The other key to the success of The Invisible Man was, of course, its special effects, and those concocted by John P. Fulton and Arthur Edeson are among the best of its era. To create the illusion of invisibility, Fulton clothed Rains from head to toe in black velvet and filmed him before a black background. The footage was then optically printed over the scenes filmed on the set. In addition, to cover imperfections, Edeson retouched over four thousand frames of film by hand.

The result is startlingly effective, especially when Rains unwinds the bandages that conceal his face to reveal first empty eye sockets, then holes where his mouth and nose should be, and finally, nothing at all.

But as convincing as the special effects were, the movie would have collapsed had Whale not known how to move the story along, pull memorable performances from his actors—Una O'Connor as a terrified bar maid is unforgettable—and ratchet up the tension as the film races toward its conclusion.

The film was the critical and commercial hit Laemmle had hoped for. The New York Times named it one of the year's ten best and Whale himself won the special recognition at the Venice Film Festival for his direction. Even more important to Universal, the box office appeal of Whale's films helped keep the studio afloat during the darkest days of the Depression.

In 2008, the Library of Congress added The Invisible Man to the National Film Registry.

Despite reaching such heights, though, glory proved to be fleeting for Whale. After 1935's Bride of Frankenstein—the sequel he had resisted making for as long as he could—he never again directed a horror picture, and although credited with directing Show Boat, he was actually fired before production ended, having uncharacteristically gone over budget. Afterwards, he directed a string of commercially unsuccessful pictures and was pretty much out of movies by 1941.

In 1957, after a series of strokes, Whale committed suicide by drowning himself in his swimming pool. One of the few openly-gay directors working in Hollywood, Whale's life was the subject of the 1998 film Gods and Monsters, starring Ian McKellen.


Yvette said...

Thanks for a wonderful review of one of my favorite movies, M.M. I didn't know about Boris Karloff being the first choice...He seems to have been the first choice for several plum movies parts that he, for whatever reason, couldn't take.

James Whale may have had an unhappy career and an unhappy end, but he left us three classics.

Not bad.

Page said...

Another fantastic review! I wasn't aware that Boris was Whale's first choice but I'm glad he 'settled' on Rains. This was also my first introduction to Gloria Stuart.

I can't help but laugh when seeing pics of him all bandaged up. I'm sure it scared the daylights out of the audience of 1933 though.

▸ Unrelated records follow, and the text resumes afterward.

(* Let $\mathcal{Q}$ be an exponential family (sufficient statistic $\Gamma:\mathcal{X}\to\mathcal{H}$, log-partition $A$) and let $\pi=q^\pi_{\theta_\pi}$ satisfy the linearly extended recoverability condition (LERC) with respect to $\mathcal{Q}$, with linear operator $L_\pi:\mathcal{H}\to\mathcal{H}_\pi$. (i) Suppose $\operatorname{int}\operatorname{dom}A\neq\emptyset$, $\mathcal{Q}$ is minimal and steep, and $C\subset\mathcal{H}$ is closed and convex with $C\cap\operatorname{int}\operatorname{dom}A^*\neq\emptyset$. If $C$ is compact, then the problem $\min_{\omega\in C\cap\operatorname{dom}A^*}f^D_\pi(\omega)$ has a unique solution $\omega_*$, and $\omega_*\in C\cap\operatorname{int}\operatorname{dom}A^*$. Alternatively, if $L_\pi^\top\theta_\pi\in\operatorname{int}\operatorname{dom}A$, then the same conclusion holds and moreover $\omega_*=\mathrm{proj}^{A^*}_C(\nabla A(L_\pi^\top\theta_\pi))$. (ii) If $\operatorname{int}\operatorname{dom}A\neq\emptyset$ and $\mathcal{Q}$ is minimal and steep, then $f^D_\pi$ is $1$-strongly convex and $1$-smooth relative to $A^*$, i.e. $d_{f^D_\pi}(\omega,\omega')=d_{A^*}(\omega,\omega')$ bounds hold with constant $1$ on both sides for all $\omega,\omega'\in\operatorname{int}\operatorname{dom}A^*$.
   Context: An exponential family with sufficient statistic $\Gamma:\mathcal{X}\to\mathcal{H}$ ($\mathcal{H}$ finite-dimensional real Hilbert, $\nu$ a reference measure) consists of densities $q_\theta(x)=\exp(\langle\theta,\Gamma(x)\rangle-A(\theta))$, $\theta\in\operatorname{dom}A$, with $A(\theta)=\log\int\exp(\langle\theta,\Gamma(x)\rangle)\nu(dx)$. Minimal: no nonzero $\theta$ with $\langle\theta,\Gamma\rangle$ constant $\nu$-a.e. Steep: $A$ differentiable on $\operatorname{int}\operatorname{dom}A$ with $\|\nabla A(\theta_t)\|\to\infty$ along sequences in $\operatorname{int}\operatorname{dom}A$ tending to the boundary of $\operatorname{dom}A$. $A^*$ is the convex conjugate of $A$; $\nabla A$ is a bijection from $\operatorname{int}\operatorname{dom}A$ onto $\operatorname{int}\operatorname{dom}A^*$ with inverse $\nabla A^*$; $q_\omega$ denotes the member of $\mathcal{Q}$ with expectation parameter $\omega=\mathbb{E}_{q_\omega}[\Gamma(X)]$. $f^D_\pi(\omega)=\mathrm{KL}(q_\omega,\pi)$ for $\omega\in\operatorname{dom}A^*$. LERC: $\pi$ belongs to an exponential family $\mathcal{Q}_\pi$ with sufficient statistic $\Gamma_\pi:\mathcal{X}\to\mathcal{H}_\pi$ and natural parameter $\theta_\pi$, and there is a linear $L_\pi:\mathcal{H}\to\mathcal{H}_\pi$ with $\mathbb{E}_{q_\omega}[\Gamma_\pi(X)]=L_\pi\mathbb{E}_{q_\omega}[\Gamma(X)]$ for all $\omega\in\operatorname{dom}A^*$. Bregman divergence $d_h(\omega,\omega')=h(\omega)-h(\omega')-\langle\nabla h(\omega'),\omega-\omega'\rangle$; $f$ is $m$-strongly convex (resp. $\ell$-smooth) relative to $h$ if $m\,d_h\le d_f$ (resp. $d_f\le\ell\, d_h$). $\mathrm{proj}^{A^*}_C(\omega)=\arg\min_{\omega'\in C}d_{A^*}(\omega',\omega)$. *)

theory Defs
  imports "HOL-Analysis.Analysis"
begin

definition partition :: "'x measure \<Rightarrow> ('x \<Rightarrow> 'h::real_inner) \<Rightarrow> 'h \<Rightarrow> ennreal" where
  "partition \<nu> \<Gamma> \<theta> = (\<integral>\<^sup>+ x. ennreal (exp (\<theta> \<bullet> \<Gamma> x)) \<partial>\<nu>)"

definition domA :: "'x measure \<Rightarrow> ('x \<Rightarrow> 'h::real_inner) \<Rightarrow> 'h set" where
  "domA \<nu> \<Gamma> = {\<theta>. partition \<nu> \<Gamma> \<theta> < \<infinity>}"

text \<open>Log-partition function A (real valued; meaningful on dom A).\<close>
definition logpart :: "'x measure \<Rightarrow> ('x \<Rightarrow> 'h::real_inner) \<Rightarrow> 'h \<Rightarrow> real" where
  "logpart \<nu> \<Gamma> \<theta> = ln (enn2real (partition \<nu> \<Gamma> \<theta>))"

definition expdens :: "'x measure \<Rightarrow> ('x \<Rightarrow> 'h::real_inner) \<Rightarrow> 'h \<Rightarrow> 'x \<Rightarrow> real" where
  "expdens \<nu> \<Gamma> \<theta> x = exp (\<theta> \<bullet> \<Gamma> x - logpart \<nu> \<Gamma> \<theta>)"

text \<open>Convex conjugate A* of A (A is +infinity outside dom A), extended-real valued.\<close>
definition conjA :: "'x measure \<Rightarrow> ('x \<Rightarrow> 'h::real_inner) \<Rightarrow> 'h \<Rightarrow> ereal" where
  "conjA \<nu> \<Gamma> \<omega> = (SUP \<theta>\<in>domA \<nu> \<Gamma>. ereal (\<theta> \<bullet> \<omega> - logpart \<nu> \<Gamma> \<theta>))"

definition domAstar :: "'x measure \<Rightarrow> ('x \<Rightarrow> 'h::real_inner) \<Rightarrow> 'h set" where
  "domAstar \<nu> \<Gamma> = {\<omega>. conjA \<nu> \<Gamma> \<omega> < \<infinity>}"

text \<open>Real-valued version of A* (used on int dom A*, where A* is finite).\<close>
definition conjA_r :: "'x measure \<Rightarrow> ('x \<Rightarrow> 'h::real_inner) \<Rightarrow> 'h \<Rightarrow> real" where
  "conjA_r \<nu> \<Gamma> \<omega> = real_of_ereal (conjA \<nu> \<Gamma> \<omega>)"

definition gradient :: "('h::real_inner \<Rightarrow> real) \<Rightarrow> 'h \<Rightarrow> 'h" where
  "gradient f x = (SOME g. (f has_derivative (\<lambda>v. g \<bullet> v)) (at x))"

definition minimal :: "'x measure \<Rightarrow> ('x \<Rightarrow> 'h::real_inner) \<Rightarrow> bool" where
  "minimal \<nu> \<Gamma> \<longleftrightarrow> \<not> (\<exists>\<theta> c. \<theta> \<noteq> 0 \<and> (AE x in \<nu>. \<theta> \<bullet> \<Gamma> x = c))"

definition steep :: "'x measure \<Rightarrow> ('x \<Rightarrow> 'h::real_inner) \<Rightarrow> bool" where
  "steep \<nu> \<Gamma> \<longleftrightarrow>
     (\<forall>\<theta>\<in>interior (domA \<nu> \<Gamma>). logpart \<nu> \<Gamma> differentiable (at \<theta>)) \<and>
     (\<forall>\<theta>s \<theta>0. (\<forall>t. \<theta>s t \<in> interior (domA \<nu> \<Gamma>)) \<longrightarrow> \<theta>s \<longlonglongrightarrow> \<theta>0 \<longrightarrow>
        \<theta>0 \<in> frontier (domA \<nu> \<Gamma>) \<longrightarrow>
        filterlim (\<lambda>t. norm (gradient (logpart \<nu> \<Gamma>) (\<theta>s t))) at_top sequentially)"

definition has_mean :: "'x measure \<Rightarrow> ('x \<Rightarrow> 'h::euclidean_space) \<Rightarrow> 'h \<Rightarrow> 'h \<Rightarrow> bool" where
  "has_mean \<nu> \<Gamma> \<theta> \<omega> \<longleftrightarrow> \<theta> \<in> domA \<nu> \<Gamma> \<and>
     integrable \<nu> (\<lambda>x. expdens \<nu> \<Gamma> \<theta> x *\<^sub>R \<Gamma> x) \<and>
     (\<integral>x. expdens \<nu> \<Gamma> \<theta> x *\<^sub>R \<Gamma> x \<partial>\<nu>) = \<omega>"

definition qmean :: "'x measure \<Rightarrow> ('x \<Rightarrow> 'h::euclidean_space) \<Rightarrow> 'h \<Rightarrow> 'x \<Rightarrow> real" where
  "qmean \<nu> \<Gamma> \<omega> = expdens \<nu> \<Gamma> (SOME \<theta>. has_mean \<nu> \<Gamma> \<theta> \<omega>)"

text \<open>KL(q, p) = integral of q log(q/p) d nu (for densities w.r.t. nu); +infinity if
  the integrand is not integrable (its negative part is always integrable for
  probability densities, so non-integrability means the integral is +infinity).\<close>
definition KL :: "'x measure \<Rightarrow> ('x \<Rightarrow> real) \<Rightarrow> ('x \<Rightarrow> real) \<Rightarrow> ereal" where
  "KL \<nu> q p = (if integrable \<nu> (\<lambda>x. q x * ln (q x / p x))
                then ereal (\<integral>x. q x * ln (q x / p x) \<partial>\<nu>) else \<infinity>)"

definition fD :: "'x measure \<Rightarrow> ('x \<Rightarrow> 'h::euclidean_space) \<Rightarrow> ('x \<Rightarrow> real) \<Rightarrow> 'h \<Rightarrow> ereal" where
  "fD \<nu> \<Gamma> \<pi> \<omega> = (if \<exists>\<theta>. has_mean \<nu> \<Gamma> \<theta> \<omega> then KL \<nu> (qmean \<nu> \<Gamma> \<omega>) \<pi> else \<infinity>)"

I'm glad Boris got his shot at being invisible in The Invisible Ray just 3 yrs later. Unfortunately I didn't really care for.

Thanks for including the added bits of trivia and back story.
Had to feature this on the sidebar, just in time for Halloween.

DorianTB said...

MM, I very much enjoyed your post about THE INVISIBLE MAN, especially since Claude Rains is one of our household favorites! I agree, Rains' wonderful voice went a long way toward the movie's impact. Your discussion of the special effects and the film's backstory (Boris was almost The Invisible Man! Who'd have thought it?) really intrigued me. Thanks for a terrific post, and Happy Halloween!

Mythical Monkey said...

Boris Karloff might have made a good invisible man, but as either a more sadistic or more morose one, I think. Claude Rains plays him as gleefully unhinged which makes him both threatening and sympathetic. A great performance in my opinion.